2023数据采集与融合技术实践作业3

2023数据采集与融合技术实践作业3

作业的gitee仓库链接:https://gitee.com/PicaPicasso/crawl_project.git

1.作业

1.1作业过程

  • 要求:指定一个网站爬取这个网站的所有图片,如中国气象网,使用scrapy框架分别实现单线程和多线程爬取

  • 输出信息:将下载的url信息在控制台输出,并将下载的图片存储在images子文件当中,并给出截图

  • (作业1的博客写好后没保存,大虐。最后只列了主要的步骤,类似的步骤可以参考作业2、3两题。
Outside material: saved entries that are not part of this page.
lemma logit_entropy_strict_convex_combination:
  assumes "-1 < x" "-1 < y" "x \<noteq> y" "0 < u" "u < 1"
  shows "logit_entropy (u * x + (1 - u) * y) < u * logit_entropy x + (1 - u) * logit_entropy y"
proof -
  define m where "m = u * x + (1 - u) * y"
  have m: "-1 < m"
    unfolding m_def using assms by (intro convex_combination_gt_minus_one) auto
  have "x - m = (1 - u) * (x - y)" "y - m = u * (y - x)"
    unfolding m_def by (simp_all add: algebra_simps)
  then have "x \<noteq> m" "y \<noteq> m"
    using assms by auto
  have "u * (logit_entropy m + ln (m + 1) * (x - m)) < u * logit_entropy x"
    using assms m \<open>x \<noteq> m\<close> by (intro mult_strict_left_mono logit_entropy_tangent_less) auto
  moreover have "(1 - u) * (logit_entropy m + ln (m + 1) * (y - m)) < (1 - u) * logit_entropy y"
    using assms m \<open>y \<noteq> m\<close> by (intro mult_strict_left_mono logit_entropy_tangent_less) auto
  moreover have "u * (logit_entropy m + ln (m + 1) * (x - m))
      + (1 - u) * (logit_entropy m + ln (m + 1) * (y - m)) = logit_entropy m"
    unfolding m_def by (simp add: algebra_simps)
  ultimately show ?thesis
    unfolding m_def[symmetric] by linarith
qed

lemma logit_entropy_convex_combination:
  assumes "-1 < x" "-1 < y" "0 \<le> u" "u \<le> 1"
  shows "logit_entropy (u * x + (1 - u) * y) \<le> u * logit_entropy x + (1 - u) * logit_entropy y"
proof (cases "x = y \<or> u = 0 \<or> u = 1")
  case True
  then show ?thesis
    by (auto simp: algebra_simps)
next
  case False
  then show ?thesis
    using logit_entropy_strict_convex_combination[of x y u] assms by fastforce
qed

definition path_entropy :: "'p set \<Rightarrow> ('p \<Rightarrow> real) \<Rightarrow> real" where
  "path_entropy P f = (\<Sum>p\<in>P. logit_entropy (f p))"

lemma path_entropy_nonneg: "(\<And>p. p \<in> P \<Longrightarrow> -1 < f p) \<Longrightarrow> 0 \<le> path_entropy P f"
  unfolding path_entropy_def by (intro sum_nonneg logit_entropy_nonneg)

lemma path_entropy_tendsto:
  "(\<And>p. p \<in> P \<Longrightarrow> (\<lambda>n. X n p) \<longlonglongrightarrow> f p) \<Longrightarrow> (\<And>p. p \<in> P \<Longrightarrow> -1 < f p) \<Longrightarrow>
    (\<lambda>n. path_entropy P (X n)) \<longlonglongrightarrow> path_entropy P f"
  unfolding path_entropy_def by (intro tendsto_sum logit_entropy_tendsto)

lemma path_entropy_convex_combination:
  assumes "\<And>p. p \<in> P \<Longrightarrow> -1 < f p" "\<And>p. p \<in> P \<Longrightarrow> -1 < g p" "0 \<le> u" "u \<le> 1"
  shows "path_entropy P (\<lambda>p. u * f p + (1 - u) * g p)
    \<le> u * path_entropy P f + (1 - u) * path_entropy P g"
  unfolding path_entropy_def sum_distrib_left sum.distrib[symmetric]
  using assms by (intro sum_mono logit_entropy_convex_combination)

lemma path_entropy_strict_convex_combination:
  assumes "finite P" "\<And>p. p \<in> P \<Longrightarrow> -1 < f p" "\<And>p. p \<in> P \<Longrightarrow> -1 < g p"
    and "p \<in> P" "f p \<noteq> g p" "0 < u" "u < 1"
  shows "path_entropy P (\<lambda>p. u * f p + (1 - u) * g p)
    < u * path_entropy P f + (1 - u) * path_entropy P g"
  unfolding path_entropy_def sum_distrib_left sum.distrib[symmetric]
  using assms by (intro sum_strict_mono_ex1 ballI bexI[of _ p]
      logit_entropy_convex_combination logit_entropy_strict_convex_combination) auto
(* Let $A \in \mathbb{R}^{m\times n}$ and $W \in \mathbb{R}^{q\times m}$ be matrices, and let $B^\sharp\colon \mathbb{R}^m\to\mathbb{R}^n$ be a fixed measurable map. Let $X$ be a random vector in $\mathbb{R}^n$ and $\Xi, N$ random vectors in $\mathbb{R}^m$, all with finite second moments, such that the triples $(X,\Xi,N)$ and $(X,N,\Xi)$ have the same joint distribution (for instance, $\Xi$ and $N$ i.i.d. and independent of $X$). Set $Y = AX + \Xi$ and $Z = Y + N$. Let $\mathcal{F}$ be the set of measurable functions $f\colon\mathbb{R}^n\to\mathbb{R}^n$ with $\mathbb{E}\|WA[f(B^\sharp(Z))]\|_2^2<\infty$. Then $$\operatorname*{argmin}_{f\in\mathcal{F}} \mathbb{E}\,\big\|WA[f\circ B^\sharp(Z)] - WAX\big\|_2^2 \;=\; \operatorname*{argmin}_{f\in\mathcal{F}} \mathbb{E}\,\big\|WA[f\circ B^\sharp(Z)] - W(2Y-Z)\big\|_2^2 .$$ More precisely, for every $f\in\mathcal{F}$, $$\mathbb{E}\|WA[f\circ B^\sharp(Z)] - W(2Y-Z)\|_2^2 = \mathbb{E}\|WA[f\circ B^\sharp(Z)] - WAX\|_2^2 - \mathbb{E}\|WAX\|_2^2 + \mathbb{E}\|W(2Y-Z)\|_2^2 .$$
   Context: Model: $Y = AX+\Xi$ is the noisy measurement of the unknown image $X$ under the linear forward operator $A$ with additive noise $\Xi$; $Z = Y+N$ is "noisier" data obtained by adding an independent copy-type noise $N$. $\|\cdot\|_2$ is the Euclidean norm. *)

theory Defs
  imports "HOL-Probability.Probability"
begin

definition argmin_on :: "'a set \<Rightarrow> ('a \<Rightarrow> real) \<Rightarrow> 'a set" where
  "argmin_on S J = {f \<in> S. \<forall>g\<in>S. J f \<le> J g}"

end

theory Submission
  imports Defs
begin

text \<open>
  Write \<open>g = WA f(B\<^sup>\<sharp>(Z))\<close>. Since \<open>W(2Y - Z) = WAX + W\<Xi> - WN\<close>, expanding the square gives
  \<open>\<parallel>g - W(2Y - Z)\<parallel>\<^sup>2 = \<parallel>g - WAX\<parallel>\<^sup>2 - \<parallel>WAX\<parallel>\<^sup>2 + \<parallel>W(2Y - Z)\<parallel>\<^sup>2 - 2\<langle>g, W\<Xi>\<rangle> + 2\<langle>g, WN\<rangle>\<close>.
  The noisier observation \<open>Z = AX + \<Xi> + N\<close> is symmetric in \<open>\<Xi>\<close> and \<open>N\<close>, so exchangeability of
  \<open>(X, \<Xi>, N)\<close> and \<open>(X, N, \<Xi>)\<close> makes the two cross terms equal in expectation. Hence the two
  risks differ by a constant independent of \<open>f\<close> and have the same minimisers.
\<close>

lemma borel_measurable_matrix_vector_mult [measurable (raw)]:
  fixes A :: "real^'n^'m"
  assumes "f \<in> borel_measurable M"
  shows "(\<lambda>x. A *v f x) \<in> borel_measurable M"
proof -
  have "(*v) A \<in> borel_measurable borel"
    by (intro borel_measurable_continuous_onI linear_continuous_on) simp
  from measurable_compose[OF assms this] show ?thesis
    by (simp add: o_def)
qed

lemma square_integrable_matrix_vector_mult:
  fixes W :: "real^'m^'q" and u :: "'w \<Rightarrow> real^'m"
  assumes [measurable]: "u \<in> borel_measurable M"
    and "integrable M (\<lambda>\<omega>. (norm (u \<omega>))\<^sup>2)"
  shows "integrable M (\<lambda>\<omega>. (norm (W *v u \<omega>))\<^sup>2)"
proof -
  obtain K where "\<And>x. norm (W *v x) \<le> norm x * K"
    using bounded_linear.pos_bounded[OF matrix_vector_mul_bounded_linear[of W]] by blast
  then have bound: "(norm (W *v x))\<^sup>2 \<le> K\<^sup>2 * (norm x)\<^sup>2" for x
    by (metis norm_ge_zero power_mono power_mult_distrib mult.commute)
  show ?thesis
  proof (rule Bochner_Integration.integrable_bound)
    show "integrable M (\<lambda>\<omega>. K\<^sup>2 * (norm (u \<omega>))\<^sup>2)"
      using assms(2) by simp
    show "AE \<omega> in M. norm ((norm (W *v u \<omega>))\<^sup>2) \<le> norm (K\<^sup>2 * (norm (u \<omega>))\<^sup>2)"
      using bound by (simp add: abs_mult)
  qed measurable
qed

lemma integrable_inner_of_square_integrable:
  fixes u v :: "'w \<Rightarrow> 'a::euclidean_space"
  assumes [measurable]: "u \<in> borel_measurable M" "v \<in> borel_measurable M"
    and "integrable M (\<lambda>\<omega>. (norm (u \<omega>))\<^sup>2)" "integrable M (\<lambda>\<omega>. (norm (v \<omega>))\<^sup>2)"
  shows "integrable M (\<lambda>\<omega>. u \<omega> \<bullet> v \<omega>)"
proof (rule Bochner_Integration.integrable_bound)
  show "integrable M (\<lambda>\<omega>. (norm (u \<omega>))\<^sup>2 + (norm (v \<omega>))\<^sup>2)"
    using assms(3,4) by simp
  have "\<bar>x \<bullet> y\<bar> \<le> (norm x)\<^sup>2 + (norm y)\<^sup>2" for x y :: 'a
  proof -
    have "\<bar>x \<bullet> y\<bar> \<le> norm x * norm y"
      by (rule Cauchy_Schwarz_ineq2)
    also have "\<dots> \<le> (norm x)\<^sup>2 + (norm y)\<^sup>2"
      using sum_squares_bound[of "norm x" "norm y"] mult_nonneg_nonneg[OF norm_ge_zero norm_ge_zero, of x y]
      by linarith
    finally show ?thesis .
  qed
  then show "AE \<omega> in M. norm (u \<omega> \<bullet> v \<omega>) \<le> norm ((norm (u \<omega>))\<^sup>2 + (norm (v \<omega>))\<^sup>2)"
    by simp
qed measurable

lemma square_integrable_add:
  fixes u v :: "'w \<Rightarrow> 'a::euclidean_space"
  assumes "u \<in> borel_measurable M" "v \<in> borel_measurable M"
    and "integrable M (\<lambda>\<omega>. (norm (u \<omega>))\<^sup>2)" "integrable M (\<lambda>\<omega>. (norm (v \<omega>))\<^sup>2)"
  shows "integrable M (\<lambda>\<omega>. (norm (u \<omega> + v \<omega>))\<^sup>2)"
proof -
  have "integrable M (\<lambda>\<omega>. (norm (u \<omega>))\<^sup>2 + 2 * (u \<omega> \<bullet> v \<omega>) + (norm (v \<omega>))\<^sup>2)"
    using assms(3,4) integrable_inner_of_square_integrable[OF assms] by simp
  then show ?thesis
    by (simp add: power2_norm_eq_inner inner_add_left inner_add_right inner_commute
        algebra_simps)
qed

lemma square_integrable_diff:
  fixes u v :: "'w \<Rightarrow> 'a::euclidean_space"
  assumes "u \<in> borel_measurable M" "v \<in> borel_measurable M"
    and "integrable M (\<lambda>\<omega>. (norm (u \<omega>))\<^sup>2)" "integrable M (\<lambda>\<omega>. (norm (v \<omega>))\<^sup>2)"
  shows "integrable M (\<lambda>\<omega>. (norm (u \<omega> - v \<omega>))\<^sup>2)"
  using square_integrable_add[of u M "\<lambda>\<omega>. - v \<omega>"] assms by simp

lemma norm_diff_square_expand:
  fixes g a p q :: "'a::real_inner"
  shows "(norm (g - (a + p - q)))\<^sup>2
       = (norm (g - a))\<^sup>2 - (norm a)\<^sup>2 + (norm (a + p - q))\<^sup>2 - 2 * (g \<bullet> p) + 2 * (g \<bullet> q)"
  by (simp add: power2_norm_eq_inner inner_diff_left inner_diff_right inner_add_left
      inner_add_right inner_commute algebra_simps)

lemma integral_norm_diff_square_shift:
  fixes g a p q :: "'w \<Rightarrow> 'a::euclidean_space"
  assumes [measurable]: "g \<in> borel_measurable M" "a \<in> borel_measurable M"
      "p \<in> borel_measurable M" "q \<in> borel_measurable M"
    and ig: "integrable M (\<lambda>\<omega>. (norm (g \<omega>))\<^sup>2)" and ia: "integrable M (\<lambda>\<omega>. (norm (a \<omega>))\<^sup>2)"
    and ip: "integrable M (\<lambda>\<omega>. (norm (p \<omega>))\<^sup>2)" and iq: "integrable M (\<lambda>\<omega>. (norm (q \<omega>))\<^sup>2)"
    and cross: "(\<integral>\<omega>. g \<omega> \<bullet> p \<omega> \<partial>M) = (\<integral>\<omega>. g \<omega> \<bullet> q \<omega> \<partial>M)"
  shows "(\<integral>\<omega>. (norm (g \<omega> - (a \<omega> + p \<omega> - q \<omega>)))\<^sup>2 \<partial>M)
       = (\<integral>\<omega>. (norm (g \<omega> - a \<omega>))\<^sup>2 \<partial>M) - (\<integral>\<omega>. (norm (a \<omega>))\<^sup>2 \<partial>M)
         + (\<integral>\<omega>. (norm (a \<omega> + p \<omega> - q \<omega>))\<^sup>2 \<partial>M)"
proof -
  have "integrable M (\<lambda>\<omega>. (norm (a \<omega> + p \<omega>))\<^sup>2)"
    using square_integrable_add[OF _ _ ia ip] by simp
  then have iapq: "integrable M (\<lambda>\<omega>. (norm (a \<omega> + p \<omega> - q \<omega>))\<^sup>2)"
    using square_integrable_diff[OF _ _ _ iq] by simp
  have "(\<integral>\<omega>. (norm (g \<omega> - (a \<omega> + p \<omega> - q \<omega>)))\<^sup>2 \<partial>M)
      = (\<integral>\<omega>. (norm (g \<omega> - a \<omega>))\<^sup>2 - (norm (a \<omega>))\<^sup>2 + (norm (a \<omega> + p \<omega> - q \<omega>))\<^sup>2
               - 2 * (g \<omega> \<bullet> p \<omega>) + 2 * (g \<omega> \<bullet> q \<omega>) \<partial>M)"
    by (simp only: norm_diff_square_expand)
  also have "\<dots> = (\<integral>\<omega>. (norm (g \<omega> - a \<omega>))\<^sup>2 \<partial>M) - (\<integral>\<omega>. (norm (a \<omega>))\<^sup>2 \<partial>M)
      + (\<integral>\<omega>. (norm (a \<omega> + p \<omega> - q \<omega>))\<^sup>2 \<partial>M)
      - 2 * (\<integral>\<omega>. g \<omega> \<bullet> p \<omega> \<partial>M) + 2 * (\<integral>\<omega>. g \<omega> \<bullet> q \<omega> \<partial>M)"
    using square_integrable_diff[OF _ _ ig ia] ia iapq
      integrable_inner_of_square_integrable[OF _ _ ig ip]
      integrable_inner_of_square_integrable[OF _ _ ig iq]
    by simp
  finally show ?thesis
    using cross by simp
qed

lemma integral_eq_of_distr_eq:
  fixes \<phi> :: "'b \<Rightarrow> 'c::{banach, second_countable_topology}"
  assumes "distr M N T = distr M N T'"
    and "T \<in> measurable M N" "T' \<in> measurable M N" "\<phi> \<in> borel_measurable N"
  shows "(\<integral>\<omega>. \<phi> (T \<omega>) \<partial>M) = (\<integral>\<omega>. \<phi> (T' \<omega>) \<partial>M)"
  using integral_distr[OF assms(2,4)] integral_distr[OF assms(3,4)] assms(1) by simp

lemma integral_inner_exchangeable_noise:
  fixes A :: "real^'n^'m" and X :: "'w \<Rightarrow> real^'n" and Xi Nz :: "'w \<Rightarrow> real^'m"
    and h V :: "real^'m \<Rightarrow> 'a::euclidean_space"
  assumes [measurable]: "X \<in> borel_measurable M" "Xi \<in> borel_measurable M" "Nz \<in> borel_measurable M"
      "h \<in> borel_measurable borel" "V \<in> borel_measurable borel"
    and exch: "distr M borel (\<lambda>\<omega>. (X \<omega>, Xi \<omega>, Nz \<omega>)) = distr M borel (\<lambda>\<omega>. (X \<omega>, Nz \<omega>, Xi \<omega>))"
  shows "(\<integral>\<omega>. h (A *v X \<omega> + Xi \<omega> + Nz \<omega>) \<bullet> V (Xi \<omega>) \<partial>M)
       = (\<integral>\<omega>. h (A *v X \<omega> + Xi \<omega> + Nz \<omega>) \<bullet> V (Nz \<omega>) \<partial>M)"
proof -
  define \<phi> where "\<phi> r = h (A *v fst r + fst (snd r) + snd (snd r)) \<bullet> V (fst (snd r))"
    for r :: "(real^'n) \<times> (real^'m) \<times> (real^'m)"
  have "(\<lambda>\<omega>. (X \<omega>, Xi \<omega>, Nz \<omega>)) \<in> borel_measurable M"
    and "(\<lambda>\<omega>. (X \<omega>, Nz \<omega>, Xi \<omega>)) \<in> borel_measurable M"
    by (simp_all add: borel_measurable_Pair)
  moreover have "\<phi> \<in> borel_measurable borel"
    unfolding \<phi>_def borel_prod[symmetric] by measurable
  ultimately have "(\<integral>\<omega>. \<phi> (X \<omega>, Xi \<omega>, Nz \<omega>) \<partial>M) = (\<integral>\<omega>. \<phi> (X \<omega>, Nz \<omega>, Xi \<omega>) \<partial>M)"
    by (rule integral_eq_of_distr_eq[OF exch])
  then show ?thesis
    by (simp add: \<phi>_def add.assoc add.commute[of "Xi _"])
qed

lemma argmin_on_cong_shift:
  assumes "\<And>f. f \<in> S \<Longrightarrow> J' f = J f - c + c'"
  shows "argmin_on S J = argmin_on S J'"
  using assms unfolding argmin_on_def by auto

theorem theorem1:
  fixes M :: "'w measure"
    and A :: "real^'n^'m" and W :: "real^'m^'q"
    and Bs :: "real^'m \<Rightarrow> real^'n"
    and X :: "'w \<Rightarrow> real^'n" and Xi Nz :: "'w \<Rightarrow> real^'m"
    and Y Z :: "'w \<Rightarrow> real^'m"
    and F :: "(real^'n \<Rightarrow> real^'n) set"
  assumes "prob_space M"
    and "Bs \<in> borel_measurable borel"
    and "X \<in> borel_measurable M" and "Xi \<in> borel_measurable M" and "Nz \<in> borel_measurable M"
    and "integrable M (\<lambda>\<omega>. (norm (X \<omega>))\<^sup>2)"
    and "integrable M (\<lambda>\<omega>. (norm (Xi \<omega>))\<^sup>2)"
    and "integrable M (\<lambda>\<omega>. (norm (Nz \<omega>))\<^sup>2)"
    and "distr M borel (\<lambda>\<omega>. (X \<omega>, Xi \<omega>, Nz \<omega>)) = distr M borel (\<lambda>\<omega>. (X \<omega>, Nz \<omega>, Xi \<omega>))"
    and "Y = (\<lambda>\<omega>. A *v X \<omega> + Xi \<omega>)"
    and "Z = (\<lambda>\<omega>. Y \<omega> + Nz \<omega>)"
    and "F = {f. f \<in> borel_measurable borel \<and>
                integrable M (\<lambda>\<omega>. (norm (W *v (A *v f (Bs (Z \<omega>)))))\<^sup>2)}"
  shows "argmin_on F (\<lambda>f. \<integral>\<omega>. (norm (W *v (A *v f (Bs (Z \<omega>))) - W *v (A *v X \<omega>)))\<^sup>2 \<partial>M)
       = argmin_on F (\<lambda>f. \<integral>\<omega>. (norm (W *v (A *v f (Bs (Z \<omega>))) - W *v (2 *\<^sub>R Y \<omega> - Z \<omega>)))\<^sup>2 \<partial>M)
     \<and> (\<forall>f\<in>F.
          (\<integral>\<omega>. (norm (W *v (A *v f (Bs (Z \<omega>))) - W *v (2 *\<^sub>R Y \<omega> - Z \<omega>)))\<^sup>2 \<partial>M)
        = (\<integral>\<omega>. (norm (W *v (A *v f (Bs (Z \<omega>))) - W *v (A *v X \<omega>)))\<^sup>2 \<partial>M)
          - (\<integral>\<omega>. (norm (W *v (A *v X \<omega>)))\<^sup>2 \<partial>M)
          + (\<integral>\<omega>. (norm (W *v (2 *\<^sub>R Y \<omega> - Z \<omega>)))\<^sup>2 \<partial>M))"
proof -
  note [measurable] = assms(2-5)
  have Z_eq: "Z = (\<lambda>\<omega>. A *v X \<omega> + Xi \<omega> + Nz \<omega>)"
    using assms(10,11) by simp
  have W_target: "W *v (2 *\<^sub>R Y \<omega> - Z \<omega>) = W *v (A *v X \<omega>) + W *v Xi \<omega> - W *v Nz \<omega>" for \<omega>
    by (simp add: assms(10,11) scaleR_2 algebra_simps matrix_vector_right_distrib
        matrix_vector_mult_diff_distrib)
  have iWAX: "integrable M (\<lambda>\<omega>. (norm (W *v (A *v X \<omega>)))\<^sup>2)"
    by (intro square_integrable_matrix_vector_mult assms(6)) measurable
  have iWXi: "integrable M (\<lambda>\<omega>. (norm (W *v Xi \<omega>))\<^sup>2)"
    and iWNz: "integrable M (\<lambda>\<omega>. (norm (W *v Nz \<omega>))\<^sup>2)"
    by (intro square_integrable_matrix_vector_mult assms(4,5,7,8))+
  have risk: "(\<integral>\<omega>. (norm (W *v (A *v f (Bs (Z \<omega>))) - W *v (2 *\<^sub>R Y \<omega> - Z \<omega>)))\<^sup>2 \<partial>M)
        = (\<integral>\<omega>. (norm (W *v (A *v f (Bs (Z \<omega>))) - W *v (A *v X \<omega>)))\<^sup>2 \<partial>M)
          - (\<integral>\<omega>. (norm (W *v (A *v X \<omega>)))\<^sup>2 \<partial>M)
          + (\<integral>\<omega>. (norm (W *v (2 *\<^sub>R Y \<omega> - Z \<omega>)))\<^sup>2 \<partial>M)" if "f \<in> F" for f
  proof -
    from that have [measurable]: "f \<in> borel_measurable borel"
      and ig: "integrable M (\<lambda>\<omega>. (norm (W *v (A *v f (Bs (Z \<omega>)))))\<^sup>2)"
      using assms(12) by auto
    have "(\<integral>\<omega>. (W *v (A *v f (Bs (Z \<omega>)))) \<bullet> (W *v Xi \<omega>) \<partial>M)
        = (\<integral>\<omega>. (W *v (A *v f (Bs (Z \<omega>)))) \<bullet> (W *v Nz \<omega>) \<partial>M)"
      unfolding Z_eq by (rule integral_inner_exchangeable_noise[OF assms(3-5) _ _ assms(9)]) measurable
    from integral_norm_diff_square_shift[OF _ _ _ _ ig iWAX iWXi iWNz this]
    show ?thesis
      unfolding W_target by (simp add: Z_eq)
  qed
  show ?thesis
    by (intro conjI ballI argmin_on_cong_shift) (erule risk)+
qed

end
lemma aw_subalg_eq_preimage:
  assumes "comm_ideal \<subseteq> aw_subalg q S"
  shows "aw_subalg q S = {f. aw_pi f \<in> alg_gen cscal (aw_pi ` S)}"
proof (rule equalityI[OF aw_subalg_subset_preimage], rule subsetI)
  fix f
  assume "f \<in> {f. aw_pi f \<in> alg_gen cscal (aw_pi ` S)}"
  then obtain g where g: "g \<in> alg_gen fscal S" and "aw_pi g = aw_pi f"
    by (auto elim: alg_gen_aw_pi_image_obtain)
  then have "f - g \<in> comm_ideal"
    by (simp add: aw_pi_eq_0_imp_mem_comm_ideal aw_pi_diff)
  then have "f - g \<in> aw_subalg q S"
    using assms by blast
  then show "f \<in> aw_subalg q S"
    using aw_subalg_add[OF _ alg_gen_subset_aw_subalg[OF g]] by fastforce
qed

section \<open>The subalgebra generated by two of the generators\<close>

lemma aw_coeff_diff_nonzero:
  fixes q :: "'a::field"
  assumes "q \<noteq> 0" and "q ^ 4 \<noteq> 1"
  shows "q / (q^2 - inverse q ^ 2) - inverse q / (q^2 - inverse q ^ 2) \<noteq> 0"
proof -
  have "q ^ 4 - 1 = q^2 * (q^2 - inverse q ^ 2)" and "q ^ 4 - 1 = (q * (q - inverse q)) * (q^2 + 1)"
    using assms(1) by (simp_all add: field_simps power4_eq_xxxx power2_eq_square)
  then have "q^2 - inverse q ^ 2 \<noteq> 0" and "q - inverse q \<noteq> 0"
    using assms(2) by auto
  then show ?thesis
    by (simp add: diff_divide_distrib[symmetric])
qed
)

1.1.1 在终端分别执行如下指令创建工程,并在其spiders子目录下创建爬虫文件weather.py

cd D:\笔记\大三上\数据采集作业\数据采集实践\作业3
scrapy startproject weatherPro
cd weatherPro
scrapy genspider weather http://www.weather.com.cn/

1.1.2 改写item.py,设置要爬取的字段

import scrapy
class WheatherItem(scrapy.Item):
    number = scrapy.Field()
    pic_url = scrapy.Field()

1.1.3 编写爬虫代码weather.py



import scrapy
import re
from wheather.items import WheatherItem


class WeatherSpider(scrapy.Spider):
    name = 'weather'
    allowed_domains = ['www.weather.com.cn']
    start_urls = ['http://www.weather.com.cn/']

    count = 0
    total = 0

    def parse(self, response):
        html = response.text
        # 获取所有网页的的连接
        urlList = re.findall('<a href="(.*?)" ', html, re.S)
        for url in urlList:
            self.url = url
            try:
                yield scrapy.Request(self.url, callback=self.picParse)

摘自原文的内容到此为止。